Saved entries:
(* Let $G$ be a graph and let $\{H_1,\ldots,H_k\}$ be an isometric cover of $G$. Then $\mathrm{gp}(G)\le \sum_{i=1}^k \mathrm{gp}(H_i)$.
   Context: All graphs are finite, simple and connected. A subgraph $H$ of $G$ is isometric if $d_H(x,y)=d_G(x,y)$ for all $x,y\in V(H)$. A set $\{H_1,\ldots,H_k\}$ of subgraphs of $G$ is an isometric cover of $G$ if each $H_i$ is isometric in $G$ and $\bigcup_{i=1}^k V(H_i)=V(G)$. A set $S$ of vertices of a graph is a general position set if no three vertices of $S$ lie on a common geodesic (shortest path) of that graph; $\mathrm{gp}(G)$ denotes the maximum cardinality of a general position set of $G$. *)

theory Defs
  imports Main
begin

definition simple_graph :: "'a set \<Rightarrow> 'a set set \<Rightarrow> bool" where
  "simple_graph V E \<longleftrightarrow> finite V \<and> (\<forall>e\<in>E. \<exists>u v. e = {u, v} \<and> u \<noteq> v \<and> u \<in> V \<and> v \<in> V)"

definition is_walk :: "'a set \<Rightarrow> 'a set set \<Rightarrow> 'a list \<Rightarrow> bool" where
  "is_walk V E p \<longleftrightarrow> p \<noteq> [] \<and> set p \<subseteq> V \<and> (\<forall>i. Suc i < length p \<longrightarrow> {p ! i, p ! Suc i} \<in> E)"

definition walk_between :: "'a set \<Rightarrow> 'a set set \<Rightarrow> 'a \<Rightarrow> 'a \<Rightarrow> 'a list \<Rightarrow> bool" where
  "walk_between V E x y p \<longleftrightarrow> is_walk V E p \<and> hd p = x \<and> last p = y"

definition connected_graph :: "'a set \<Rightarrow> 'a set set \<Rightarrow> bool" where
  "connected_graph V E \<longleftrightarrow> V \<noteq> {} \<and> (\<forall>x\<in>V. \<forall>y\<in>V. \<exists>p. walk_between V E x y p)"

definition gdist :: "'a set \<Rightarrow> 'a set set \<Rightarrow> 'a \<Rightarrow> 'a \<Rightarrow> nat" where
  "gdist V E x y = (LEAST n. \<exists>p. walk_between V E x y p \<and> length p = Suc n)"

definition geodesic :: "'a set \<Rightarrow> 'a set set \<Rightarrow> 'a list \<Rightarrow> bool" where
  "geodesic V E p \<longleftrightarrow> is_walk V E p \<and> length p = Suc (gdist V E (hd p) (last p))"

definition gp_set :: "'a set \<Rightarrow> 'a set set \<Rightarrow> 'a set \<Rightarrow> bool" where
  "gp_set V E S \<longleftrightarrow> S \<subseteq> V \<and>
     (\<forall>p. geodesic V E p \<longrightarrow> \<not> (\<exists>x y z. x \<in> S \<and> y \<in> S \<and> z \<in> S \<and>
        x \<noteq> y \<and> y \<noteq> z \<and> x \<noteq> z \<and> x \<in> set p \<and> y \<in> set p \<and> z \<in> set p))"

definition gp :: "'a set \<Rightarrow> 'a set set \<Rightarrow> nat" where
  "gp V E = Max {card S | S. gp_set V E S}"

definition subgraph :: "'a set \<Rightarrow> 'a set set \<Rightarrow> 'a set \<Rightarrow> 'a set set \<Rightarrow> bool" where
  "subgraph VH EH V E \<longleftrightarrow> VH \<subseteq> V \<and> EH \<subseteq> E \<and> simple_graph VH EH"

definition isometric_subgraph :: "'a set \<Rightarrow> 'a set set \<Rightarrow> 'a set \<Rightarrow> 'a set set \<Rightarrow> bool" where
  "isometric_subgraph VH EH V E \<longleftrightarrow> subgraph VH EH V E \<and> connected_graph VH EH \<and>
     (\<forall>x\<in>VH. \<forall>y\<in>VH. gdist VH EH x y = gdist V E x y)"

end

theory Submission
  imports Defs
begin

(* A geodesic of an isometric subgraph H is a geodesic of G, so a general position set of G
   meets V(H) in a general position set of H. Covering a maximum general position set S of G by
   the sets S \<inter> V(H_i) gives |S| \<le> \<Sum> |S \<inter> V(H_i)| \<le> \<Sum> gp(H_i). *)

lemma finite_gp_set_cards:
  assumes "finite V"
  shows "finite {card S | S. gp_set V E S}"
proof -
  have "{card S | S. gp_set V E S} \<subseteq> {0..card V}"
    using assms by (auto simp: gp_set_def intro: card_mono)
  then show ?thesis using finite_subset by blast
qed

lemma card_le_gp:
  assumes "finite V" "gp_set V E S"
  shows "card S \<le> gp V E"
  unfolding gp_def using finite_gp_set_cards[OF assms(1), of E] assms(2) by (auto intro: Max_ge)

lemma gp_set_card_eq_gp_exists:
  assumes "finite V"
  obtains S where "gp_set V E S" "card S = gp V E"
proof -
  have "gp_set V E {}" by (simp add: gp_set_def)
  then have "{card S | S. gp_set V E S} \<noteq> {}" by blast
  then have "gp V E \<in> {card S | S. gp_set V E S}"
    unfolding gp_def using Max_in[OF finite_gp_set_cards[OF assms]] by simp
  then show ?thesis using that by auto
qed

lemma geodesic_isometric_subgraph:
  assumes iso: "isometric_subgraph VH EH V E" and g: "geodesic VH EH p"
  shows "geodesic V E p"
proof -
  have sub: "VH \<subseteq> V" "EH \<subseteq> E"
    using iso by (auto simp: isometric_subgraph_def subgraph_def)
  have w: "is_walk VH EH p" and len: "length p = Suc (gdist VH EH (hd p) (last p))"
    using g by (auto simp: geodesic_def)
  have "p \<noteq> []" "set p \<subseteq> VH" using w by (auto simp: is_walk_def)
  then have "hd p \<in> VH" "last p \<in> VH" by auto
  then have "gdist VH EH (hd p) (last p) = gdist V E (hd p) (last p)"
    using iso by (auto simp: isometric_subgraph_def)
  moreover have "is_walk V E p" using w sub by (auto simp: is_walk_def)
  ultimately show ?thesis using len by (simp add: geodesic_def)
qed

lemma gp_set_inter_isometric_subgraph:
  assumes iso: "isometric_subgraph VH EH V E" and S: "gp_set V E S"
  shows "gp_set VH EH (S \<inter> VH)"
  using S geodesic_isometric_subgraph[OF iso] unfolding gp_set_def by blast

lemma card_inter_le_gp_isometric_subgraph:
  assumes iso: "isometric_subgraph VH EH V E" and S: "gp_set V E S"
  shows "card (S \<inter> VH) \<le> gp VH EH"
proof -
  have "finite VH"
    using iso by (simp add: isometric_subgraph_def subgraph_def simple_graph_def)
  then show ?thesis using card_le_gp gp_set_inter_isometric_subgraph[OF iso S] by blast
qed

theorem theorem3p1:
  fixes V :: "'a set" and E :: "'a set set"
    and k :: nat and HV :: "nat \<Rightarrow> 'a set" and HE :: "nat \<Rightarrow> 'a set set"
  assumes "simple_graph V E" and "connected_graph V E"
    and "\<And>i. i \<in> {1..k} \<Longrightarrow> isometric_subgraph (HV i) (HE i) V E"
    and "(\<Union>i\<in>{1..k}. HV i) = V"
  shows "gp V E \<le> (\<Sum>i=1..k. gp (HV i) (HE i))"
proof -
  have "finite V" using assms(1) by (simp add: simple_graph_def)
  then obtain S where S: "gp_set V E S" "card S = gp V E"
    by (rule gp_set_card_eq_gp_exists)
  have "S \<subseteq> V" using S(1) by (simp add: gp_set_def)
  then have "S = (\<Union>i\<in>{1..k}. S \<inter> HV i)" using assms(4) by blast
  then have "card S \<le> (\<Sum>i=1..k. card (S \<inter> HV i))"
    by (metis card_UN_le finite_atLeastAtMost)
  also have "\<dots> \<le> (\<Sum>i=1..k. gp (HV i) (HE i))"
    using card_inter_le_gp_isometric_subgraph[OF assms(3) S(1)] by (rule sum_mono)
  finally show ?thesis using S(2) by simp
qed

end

▸ **Work item**
What is the number of lines above that hold the word "intro"? Answer with that number alone.

▸ **Task answer**
2